| WORK ITEM |
Given the records below, would you repeat exactly the lines that begin at the one containing "h) \<in> distinct_triples" and end at the one containing "by (simp add: distinct_triples_def)", inclusive?

[Items from a dataset]

::::::

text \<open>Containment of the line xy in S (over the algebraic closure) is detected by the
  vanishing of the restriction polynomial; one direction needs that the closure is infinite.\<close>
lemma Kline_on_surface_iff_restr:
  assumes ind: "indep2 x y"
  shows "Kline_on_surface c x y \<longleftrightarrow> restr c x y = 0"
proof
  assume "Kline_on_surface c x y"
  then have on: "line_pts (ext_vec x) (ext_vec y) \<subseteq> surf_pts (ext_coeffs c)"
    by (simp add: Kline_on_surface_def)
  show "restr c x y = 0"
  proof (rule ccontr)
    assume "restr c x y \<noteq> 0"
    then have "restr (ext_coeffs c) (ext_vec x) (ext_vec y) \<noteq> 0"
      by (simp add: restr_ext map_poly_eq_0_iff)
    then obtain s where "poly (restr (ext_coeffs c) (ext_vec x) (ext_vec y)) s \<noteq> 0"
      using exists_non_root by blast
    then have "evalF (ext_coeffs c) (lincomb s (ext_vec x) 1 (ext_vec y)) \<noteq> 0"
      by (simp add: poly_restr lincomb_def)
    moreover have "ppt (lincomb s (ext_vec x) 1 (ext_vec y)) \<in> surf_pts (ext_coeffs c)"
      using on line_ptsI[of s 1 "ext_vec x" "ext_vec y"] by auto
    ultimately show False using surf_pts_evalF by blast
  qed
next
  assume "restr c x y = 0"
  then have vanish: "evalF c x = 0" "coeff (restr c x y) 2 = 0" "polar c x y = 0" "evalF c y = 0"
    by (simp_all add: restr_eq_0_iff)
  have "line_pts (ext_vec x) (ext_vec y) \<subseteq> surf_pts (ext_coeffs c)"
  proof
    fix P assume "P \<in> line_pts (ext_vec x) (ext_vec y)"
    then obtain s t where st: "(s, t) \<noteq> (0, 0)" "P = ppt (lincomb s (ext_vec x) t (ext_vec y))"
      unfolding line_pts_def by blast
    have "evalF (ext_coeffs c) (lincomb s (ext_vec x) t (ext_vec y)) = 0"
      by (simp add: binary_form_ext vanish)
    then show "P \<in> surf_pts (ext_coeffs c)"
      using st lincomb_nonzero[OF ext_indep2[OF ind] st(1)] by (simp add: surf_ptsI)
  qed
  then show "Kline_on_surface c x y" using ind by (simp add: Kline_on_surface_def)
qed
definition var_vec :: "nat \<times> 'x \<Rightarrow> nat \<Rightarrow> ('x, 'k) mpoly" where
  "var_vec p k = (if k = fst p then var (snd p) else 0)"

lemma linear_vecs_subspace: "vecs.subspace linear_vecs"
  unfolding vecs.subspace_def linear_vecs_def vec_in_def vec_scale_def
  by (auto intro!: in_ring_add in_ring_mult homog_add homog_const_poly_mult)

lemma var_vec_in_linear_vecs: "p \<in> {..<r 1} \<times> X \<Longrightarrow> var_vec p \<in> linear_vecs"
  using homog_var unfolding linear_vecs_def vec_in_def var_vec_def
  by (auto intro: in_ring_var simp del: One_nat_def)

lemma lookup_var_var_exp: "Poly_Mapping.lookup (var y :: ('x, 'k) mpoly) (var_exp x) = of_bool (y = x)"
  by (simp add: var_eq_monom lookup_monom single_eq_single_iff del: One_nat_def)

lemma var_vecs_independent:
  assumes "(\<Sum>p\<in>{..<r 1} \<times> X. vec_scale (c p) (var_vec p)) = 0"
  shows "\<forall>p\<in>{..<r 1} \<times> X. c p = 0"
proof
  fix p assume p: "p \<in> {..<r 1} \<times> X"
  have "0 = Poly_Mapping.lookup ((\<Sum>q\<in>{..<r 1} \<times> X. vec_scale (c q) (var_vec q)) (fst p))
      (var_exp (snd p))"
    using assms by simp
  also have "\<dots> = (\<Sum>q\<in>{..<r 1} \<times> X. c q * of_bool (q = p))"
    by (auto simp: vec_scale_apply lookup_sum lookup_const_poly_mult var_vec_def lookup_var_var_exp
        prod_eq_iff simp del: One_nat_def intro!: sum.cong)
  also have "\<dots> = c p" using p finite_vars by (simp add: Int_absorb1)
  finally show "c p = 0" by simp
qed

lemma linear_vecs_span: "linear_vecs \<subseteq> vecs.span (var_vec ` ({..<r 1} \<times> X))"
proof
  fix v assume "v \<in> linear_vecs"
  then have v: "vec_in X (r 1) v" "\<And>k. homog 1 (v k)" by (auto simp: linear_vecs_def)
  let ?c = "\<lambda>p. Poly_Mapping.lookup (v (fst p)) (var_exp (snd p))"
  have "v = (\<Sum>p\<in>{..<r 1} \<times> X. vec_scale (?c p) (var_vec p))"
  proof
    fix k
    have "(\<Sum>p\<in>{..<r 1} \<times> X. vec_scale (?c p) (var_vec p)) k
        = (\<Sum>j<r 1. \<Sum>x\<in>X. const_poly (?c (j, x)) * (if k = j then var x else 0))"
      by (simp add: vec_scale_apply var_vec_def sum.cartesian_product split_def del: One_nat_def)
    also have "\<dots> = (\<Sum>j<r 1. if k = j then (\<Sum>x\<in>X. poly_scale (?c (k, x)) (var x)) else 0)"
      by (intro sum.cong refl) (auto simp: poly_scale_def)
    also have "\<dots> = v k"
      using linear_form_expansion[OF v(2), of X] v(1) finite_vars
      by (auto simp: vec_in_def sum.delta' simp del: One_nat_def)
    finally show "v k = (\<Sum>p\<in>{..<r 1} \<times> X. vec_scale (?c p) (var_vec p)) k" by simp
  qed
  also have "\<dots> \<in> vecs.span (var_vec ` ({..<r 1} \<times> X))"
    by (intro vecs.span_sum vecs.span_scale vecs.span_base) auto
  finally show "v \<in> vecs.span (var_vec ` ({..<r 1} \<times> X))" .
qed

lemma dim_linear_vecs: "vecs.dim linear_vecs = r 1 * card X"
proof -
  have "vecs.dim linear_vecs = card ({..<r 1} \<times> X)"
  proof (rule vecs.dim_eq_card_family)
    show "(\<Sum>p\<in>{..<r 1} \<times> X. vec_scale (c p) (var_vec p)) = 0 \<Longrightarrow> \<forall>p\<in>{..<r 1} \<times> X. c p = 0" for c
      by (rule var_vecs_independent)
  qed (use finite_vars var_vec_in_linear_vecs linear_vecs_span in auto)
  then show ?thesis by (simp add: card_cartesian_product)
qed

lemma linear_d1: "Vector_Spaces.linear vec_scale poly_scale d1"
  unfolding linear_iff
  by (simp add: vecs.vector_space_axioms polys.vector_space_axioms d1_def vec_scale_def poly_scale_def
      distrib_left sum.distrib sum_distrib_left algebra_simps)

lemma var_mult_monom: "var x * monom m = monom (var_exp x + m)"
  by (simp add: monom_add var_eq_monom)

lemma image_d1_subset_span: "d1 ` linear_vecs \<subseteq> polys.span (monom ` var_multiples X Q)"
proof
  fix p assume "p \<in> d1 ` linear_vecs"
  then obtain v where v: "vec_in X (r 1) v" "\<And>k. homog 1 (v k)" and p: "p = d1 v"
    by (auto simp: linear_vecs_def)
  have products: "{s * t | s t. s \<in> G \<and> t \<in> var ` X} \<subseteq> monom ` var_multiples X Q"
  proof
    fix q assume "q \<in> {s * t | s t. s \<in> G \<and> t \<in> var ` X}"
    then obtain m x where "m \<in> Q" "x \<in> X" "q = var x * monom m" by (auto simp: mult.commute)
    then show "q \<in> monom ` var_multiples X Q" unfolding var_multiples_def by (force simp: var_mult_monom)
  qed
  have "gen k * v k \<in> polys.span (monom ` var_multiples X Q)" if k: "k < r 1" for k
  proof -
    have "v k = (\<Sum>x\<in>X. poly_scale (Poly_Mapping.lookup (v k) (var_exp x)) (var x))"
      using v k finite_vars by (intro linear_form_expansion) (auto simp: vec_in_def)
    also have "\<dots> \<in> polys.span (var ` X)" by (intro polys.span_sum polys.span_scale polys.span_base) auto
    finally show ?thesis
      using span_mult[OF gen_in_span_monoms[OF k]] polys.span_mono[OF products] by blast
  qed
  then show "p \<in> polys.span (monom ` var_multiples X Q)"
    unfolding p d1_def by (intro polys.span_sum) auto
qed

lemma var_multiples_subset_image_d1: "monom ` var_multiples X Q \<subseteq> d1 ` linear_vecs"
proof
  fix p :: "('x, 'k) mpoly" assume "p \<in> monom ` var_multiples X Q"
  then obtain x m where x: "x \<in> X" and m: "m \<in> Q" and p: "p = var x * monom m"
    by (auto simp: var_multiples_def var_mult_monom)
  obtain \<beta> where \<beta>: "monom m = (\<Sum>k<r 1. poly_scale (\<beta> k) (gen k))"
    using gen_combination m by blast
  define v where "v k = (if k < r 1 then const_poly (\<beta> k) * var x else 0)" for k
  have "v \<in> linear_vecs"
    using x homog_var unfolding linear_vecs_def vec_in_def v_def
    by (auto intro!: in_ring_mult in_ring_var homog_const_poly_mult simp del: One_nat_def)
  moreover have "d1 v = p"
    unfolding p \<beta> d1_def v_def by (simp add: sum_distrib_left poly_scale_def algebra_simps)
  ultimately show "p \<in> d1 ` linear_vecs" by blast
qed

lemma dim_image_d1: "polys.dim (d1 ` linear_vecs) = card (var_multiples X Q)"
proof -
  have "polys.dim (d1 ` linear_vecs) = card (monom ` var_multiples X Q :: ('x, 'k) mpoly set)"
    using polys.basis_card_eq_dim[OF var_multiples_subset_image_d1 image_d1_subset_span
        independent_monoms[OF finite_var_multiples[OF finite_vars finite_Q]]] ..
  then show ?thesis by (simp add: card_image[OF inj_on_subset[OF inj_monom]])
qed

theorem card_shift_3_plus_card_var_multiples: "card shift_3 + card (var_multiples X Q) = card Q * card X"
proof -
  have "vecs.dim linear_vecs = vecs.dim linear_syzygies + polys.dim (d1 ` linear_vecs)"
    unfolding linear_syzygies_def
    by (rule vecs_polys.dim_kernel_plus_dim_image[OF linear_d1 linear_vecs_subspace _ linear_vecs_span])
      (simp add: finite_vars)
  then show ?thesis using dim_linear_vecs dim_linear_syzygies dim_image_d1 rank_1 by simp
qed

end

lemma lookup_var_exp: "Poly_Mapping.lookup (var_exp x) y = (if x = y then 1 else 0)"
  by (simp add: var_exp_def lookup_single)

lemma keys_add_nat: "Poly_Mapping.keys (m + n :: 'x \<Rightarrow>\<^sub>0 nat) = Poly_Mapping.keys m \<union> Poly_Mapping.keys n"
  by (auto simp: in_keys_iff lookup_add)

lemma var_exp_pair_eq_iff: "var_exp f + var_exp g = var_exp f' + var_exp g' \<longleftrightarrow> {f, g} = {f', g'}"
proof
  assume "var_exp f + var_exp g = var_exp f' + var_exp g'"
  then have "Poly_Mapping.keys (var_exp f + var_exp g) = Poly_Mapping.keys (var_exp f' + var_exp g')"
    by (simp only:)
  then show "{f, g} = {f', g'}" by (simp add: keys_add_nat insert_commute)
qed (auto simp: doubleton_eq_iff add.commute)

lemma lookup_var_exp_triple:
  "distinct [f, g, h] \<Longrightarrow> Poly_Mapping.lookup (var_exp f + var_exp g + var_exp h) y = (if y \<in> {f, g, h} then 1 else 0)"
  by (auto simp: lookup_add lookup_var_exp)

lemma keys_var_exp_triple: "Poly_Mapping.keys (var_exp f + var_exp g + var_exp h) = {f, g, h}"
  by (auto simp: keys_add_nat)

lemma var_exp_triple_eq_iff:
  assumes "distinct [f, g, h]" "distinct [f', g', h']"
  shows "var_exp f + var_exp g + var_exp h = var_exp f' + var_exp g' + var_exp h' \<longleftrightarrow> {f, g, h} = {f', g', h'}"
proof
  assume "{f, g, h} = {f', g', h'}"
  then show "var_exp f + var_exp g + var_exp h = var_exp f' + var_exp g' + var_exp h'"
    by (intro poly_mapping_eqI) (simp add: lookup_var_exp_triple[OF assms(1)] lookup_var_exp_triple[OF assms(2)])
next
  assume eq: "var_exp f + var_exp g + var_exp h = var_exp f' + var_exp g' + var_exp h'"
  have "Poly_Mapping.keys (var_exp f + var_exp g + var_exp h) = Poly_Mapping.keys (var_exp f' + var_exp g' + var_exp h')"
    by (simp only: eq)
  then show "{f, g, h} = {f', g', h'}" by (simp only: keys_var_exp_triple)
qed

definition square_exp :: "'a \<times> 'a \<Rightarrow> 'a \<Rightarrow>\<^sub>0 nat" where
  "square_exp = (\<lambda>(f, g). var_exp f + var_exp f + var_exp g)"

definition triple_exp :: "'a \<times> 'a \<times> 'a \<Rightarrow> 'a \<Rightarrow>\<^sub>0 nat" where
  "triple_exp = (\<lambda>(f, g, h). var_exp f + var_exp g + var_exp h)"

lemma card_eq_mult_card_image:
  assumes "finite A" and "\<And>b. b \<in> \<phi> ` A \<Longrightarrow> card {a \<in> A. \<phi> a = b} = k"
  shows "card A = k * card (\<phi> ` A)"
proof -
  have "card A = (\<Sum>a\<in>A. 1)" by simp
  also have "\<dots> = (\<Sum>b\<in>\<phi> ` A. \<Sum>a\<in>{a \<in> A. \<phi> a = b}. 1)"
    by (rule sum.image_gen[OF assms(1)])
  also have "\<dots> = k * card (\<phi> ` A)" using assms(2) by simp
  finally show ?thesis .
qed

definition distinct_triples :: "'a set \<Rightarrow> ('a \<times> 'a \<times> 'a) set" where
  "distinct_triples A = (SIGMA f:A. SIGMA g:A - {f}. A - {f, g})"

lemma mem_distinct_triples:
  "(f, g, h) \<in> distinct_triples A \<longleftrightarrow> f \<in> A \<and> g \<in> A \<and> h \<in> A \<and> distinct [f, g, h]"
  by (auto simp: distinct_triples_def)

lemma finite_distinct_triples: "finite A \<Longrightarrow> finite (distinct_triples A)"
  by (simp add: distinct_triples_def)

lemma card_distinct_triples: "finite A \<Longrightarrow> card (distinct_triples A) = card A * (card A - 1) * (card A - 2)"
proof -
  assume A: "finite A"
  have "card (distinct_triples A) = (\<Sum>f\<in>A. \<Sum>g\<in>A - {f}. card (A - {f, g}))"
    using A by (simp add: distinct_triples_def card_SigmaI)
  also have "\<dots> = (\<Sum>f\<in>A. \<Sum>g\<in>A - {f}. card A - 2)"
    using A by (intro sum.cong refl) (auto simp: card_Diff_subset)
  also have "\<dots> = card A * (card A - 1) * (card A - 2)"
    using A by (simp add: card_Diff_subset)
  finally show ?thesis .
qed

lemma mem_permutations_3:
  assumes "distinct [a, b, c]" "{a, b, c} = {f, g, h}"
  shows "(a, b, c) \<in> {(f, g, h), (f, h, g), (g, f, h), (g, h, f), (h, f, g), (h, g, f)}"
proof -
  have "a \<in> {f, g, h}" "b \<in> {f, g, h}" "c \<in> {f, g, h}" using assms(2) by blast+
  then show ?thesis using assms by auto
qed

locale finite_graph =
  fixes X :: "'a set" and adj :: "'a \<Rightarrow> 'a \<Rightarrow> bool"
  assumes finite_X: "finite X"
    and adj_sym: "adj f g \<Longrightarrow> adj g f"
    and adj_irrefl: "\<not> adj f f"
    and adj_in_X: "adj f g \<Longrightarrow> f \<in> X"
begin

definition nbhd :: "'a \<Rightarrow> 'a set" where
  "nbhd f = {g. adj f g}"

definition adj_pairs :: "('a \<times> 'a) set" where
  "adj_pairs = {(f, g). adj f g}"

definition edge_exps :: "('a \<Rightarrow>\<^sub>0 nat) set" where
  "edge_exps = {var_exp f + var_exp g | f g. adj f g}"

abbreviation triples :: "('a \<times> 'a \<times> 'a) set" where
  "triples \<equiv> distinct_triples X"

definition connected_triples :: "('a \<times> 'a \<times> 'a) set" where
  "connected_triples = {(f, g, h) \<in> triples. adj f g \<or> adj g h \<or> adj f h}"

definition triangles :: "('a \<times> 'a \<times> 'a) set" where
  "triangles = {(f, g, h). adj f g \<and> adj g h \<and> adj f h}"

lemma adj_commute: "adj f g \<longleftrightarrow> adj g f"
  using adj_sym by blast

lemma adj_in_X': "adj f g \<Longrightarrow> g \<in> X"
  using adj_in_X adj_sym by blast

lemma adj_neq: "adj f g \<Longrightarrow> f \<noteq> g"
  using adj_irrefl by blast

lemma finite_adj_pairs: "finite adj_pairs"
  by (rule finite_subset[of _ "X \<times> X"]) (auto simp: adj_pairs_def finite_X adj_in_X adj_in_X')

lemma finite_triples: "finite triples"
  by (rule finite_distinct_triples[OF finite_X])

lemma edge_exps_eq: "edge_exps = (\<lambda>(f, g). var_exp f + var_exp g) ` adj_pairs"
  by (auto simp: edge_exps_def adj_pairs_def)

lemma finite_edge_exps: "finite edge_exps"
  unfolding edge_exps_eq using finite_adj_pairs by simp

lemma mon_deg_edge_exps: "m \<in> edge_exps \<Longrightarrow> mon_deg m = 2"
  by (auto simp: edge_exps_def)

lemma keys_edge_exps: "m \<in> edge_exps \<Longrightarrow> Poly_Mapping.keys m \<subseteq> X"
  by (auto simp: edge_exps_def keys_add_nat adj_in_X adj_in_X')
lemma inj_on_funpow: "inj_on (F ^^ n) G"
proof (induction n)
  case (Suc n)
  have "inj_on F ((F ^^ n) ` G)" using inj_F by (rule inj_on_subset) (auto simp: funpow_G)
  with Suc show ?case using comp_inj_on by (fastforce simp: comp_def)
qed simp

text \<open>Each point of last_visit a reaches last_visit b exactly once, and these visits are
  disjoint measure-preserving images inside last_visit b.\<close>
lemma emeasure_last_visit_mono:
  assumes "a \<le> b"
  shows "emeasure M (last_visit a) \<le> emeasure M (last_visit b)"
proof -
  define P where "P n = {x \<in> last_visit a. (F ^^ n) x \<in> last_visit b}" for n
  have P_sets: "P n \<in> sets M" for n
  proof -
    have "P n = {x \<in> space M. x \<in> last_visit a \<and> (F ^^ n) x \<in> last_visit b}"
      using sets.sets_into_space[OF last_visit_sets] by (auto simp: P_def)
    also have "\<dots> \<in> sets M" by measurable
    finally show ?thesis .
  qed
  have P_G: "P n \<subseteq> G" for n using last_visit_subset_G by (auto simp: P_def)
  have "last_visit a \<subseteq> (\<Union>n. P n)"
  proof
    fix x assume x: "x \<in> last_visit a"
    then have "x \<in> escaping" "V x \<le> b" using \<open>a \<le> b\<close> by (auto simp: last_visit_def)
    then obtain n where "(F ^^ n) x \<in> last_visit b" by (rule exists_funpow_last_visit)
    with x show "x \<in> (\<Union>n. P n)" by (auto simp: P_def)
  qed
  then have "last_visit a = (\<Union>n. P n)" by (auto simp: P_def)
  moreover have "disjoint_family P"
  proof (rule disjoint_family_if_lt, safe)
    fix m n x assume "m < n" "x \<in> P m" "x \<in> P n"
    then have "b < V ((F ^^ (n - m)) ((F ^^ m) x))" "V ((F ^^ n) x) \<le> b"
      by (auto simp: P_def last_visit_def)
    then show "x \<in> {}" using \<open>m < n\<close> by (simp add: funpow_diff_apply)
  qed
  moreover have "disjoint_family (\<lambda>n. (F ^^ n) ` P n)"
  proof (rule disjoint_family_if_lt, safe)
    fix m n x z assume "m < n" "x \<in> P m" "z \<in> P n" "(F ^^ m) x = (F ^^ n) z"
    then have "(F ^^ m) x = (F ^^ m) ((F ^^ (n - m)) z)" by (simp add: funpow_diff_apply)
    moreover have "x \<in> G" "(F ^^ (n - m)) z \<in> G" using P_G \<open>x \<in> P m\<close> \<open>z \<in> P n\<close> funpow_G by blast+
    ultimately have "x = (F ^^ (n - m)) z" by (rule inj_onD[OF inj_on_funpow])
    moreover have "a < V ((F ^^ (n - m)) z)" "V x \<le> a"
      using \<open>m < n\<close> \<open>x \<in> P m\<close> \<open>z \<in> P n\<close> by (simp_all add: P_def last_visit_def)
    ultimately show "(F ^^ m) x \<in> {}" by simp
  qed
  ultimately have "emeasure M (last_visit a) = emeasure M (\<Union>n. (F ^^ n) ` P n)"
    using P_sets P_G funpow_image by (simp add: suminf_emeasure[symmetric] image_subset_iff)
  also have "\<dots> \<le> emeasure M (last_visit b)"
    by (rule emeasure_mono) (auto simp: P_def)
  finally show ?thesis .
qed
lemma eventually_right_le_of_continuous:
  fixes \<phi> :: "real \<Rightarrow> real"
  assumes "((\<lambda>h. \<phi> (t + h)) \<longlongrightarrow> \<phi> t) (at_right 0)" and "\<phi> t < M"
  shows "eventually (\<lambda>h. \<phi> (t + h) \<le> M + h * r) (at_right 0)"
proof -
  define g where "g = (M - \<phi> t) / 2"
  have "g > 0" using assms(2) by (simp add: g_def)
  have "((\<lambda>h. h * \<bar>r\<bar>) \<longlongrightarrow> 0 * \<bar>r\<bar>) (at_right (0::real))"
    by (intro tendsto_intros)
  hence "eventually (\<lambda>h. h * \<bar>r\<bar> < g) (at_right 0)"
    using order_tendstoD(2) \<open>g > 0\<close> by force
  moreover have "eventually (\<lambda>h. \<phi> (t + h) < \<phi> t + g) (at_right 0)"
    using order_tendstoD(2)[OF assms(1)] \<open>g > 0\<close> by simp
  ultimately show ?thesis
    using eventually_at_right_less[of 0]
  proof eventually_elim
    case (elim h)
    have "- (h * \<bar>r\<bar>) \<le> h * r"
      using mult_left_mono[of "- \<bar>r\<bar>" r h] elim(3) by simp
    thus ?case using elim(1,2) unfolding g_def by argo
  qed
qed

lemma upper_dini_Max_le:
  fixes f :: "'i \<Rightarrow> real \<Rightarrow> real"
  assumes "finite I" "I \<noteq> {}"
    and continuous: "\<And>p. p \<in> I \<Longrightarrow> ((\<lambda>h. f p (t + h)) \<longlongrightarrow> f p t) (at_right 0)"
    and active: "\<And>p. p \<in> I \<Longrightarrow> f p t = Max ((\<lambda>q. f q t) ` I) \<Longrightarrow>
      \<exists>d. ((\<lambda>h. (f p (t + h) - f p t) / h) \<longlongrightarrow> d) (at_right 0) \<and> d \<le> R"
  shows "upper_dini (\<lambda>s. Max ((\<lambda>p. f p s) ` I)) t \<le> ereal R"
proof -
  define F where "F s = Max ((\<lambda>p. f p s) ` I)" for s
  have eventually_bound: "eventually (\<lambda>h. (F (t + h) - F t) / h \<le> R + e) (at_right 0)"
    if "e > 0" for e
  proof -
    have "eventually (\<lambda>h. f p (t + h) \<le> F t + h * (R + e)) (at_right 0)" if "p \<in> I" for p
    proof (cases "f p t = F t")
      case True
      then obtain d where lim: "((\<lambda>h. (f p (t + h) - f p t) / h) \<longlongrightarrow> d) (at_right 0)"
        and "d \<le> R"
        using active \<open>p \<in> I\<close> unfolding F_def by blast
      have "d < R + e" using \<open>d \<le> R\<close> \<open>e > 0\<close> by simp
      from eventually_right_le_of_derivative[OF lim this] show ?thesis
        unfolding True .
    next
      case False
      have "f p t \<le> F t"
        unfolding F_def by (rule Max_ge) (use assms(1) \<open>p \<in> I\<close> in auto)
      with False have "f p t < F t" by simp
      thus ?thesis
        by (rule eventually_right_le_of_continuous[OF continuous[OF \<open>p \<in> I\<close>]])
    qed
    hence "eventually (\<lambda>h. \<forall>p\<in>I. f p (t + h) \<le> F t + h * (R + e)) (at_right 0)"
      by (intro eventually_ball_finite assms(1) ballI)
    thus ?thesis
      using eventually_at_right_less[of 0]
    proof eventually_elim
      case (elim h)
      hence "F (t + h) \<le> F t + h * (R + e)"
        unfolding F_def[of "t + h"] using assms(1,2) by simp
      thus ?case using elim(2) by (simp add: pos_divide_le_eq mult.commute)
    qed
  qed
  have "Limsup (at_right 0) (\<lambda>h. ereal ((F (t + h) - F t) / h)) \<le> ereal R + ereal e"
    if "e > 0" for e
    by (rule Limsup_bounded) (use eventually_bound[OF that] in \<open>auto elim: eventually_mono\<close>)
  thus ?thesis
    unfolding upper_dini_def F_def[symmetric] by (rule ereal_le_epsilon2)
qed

::::::

| EXERCISE RESPONSE |
  "(f, g, h) \<in> distinct_triples A \<longleftrightarrow> f \<in> A \<and> g \<in> A \<and> h \<in> A \<and> distinct [f, g, h]"
  by (auto simp: distinct_triples_def)

lemma finite_distinct_triples: "finite A \<Longrightarrow> finite (distinct_triples A)"
  by (simp add: distinct_triples_def)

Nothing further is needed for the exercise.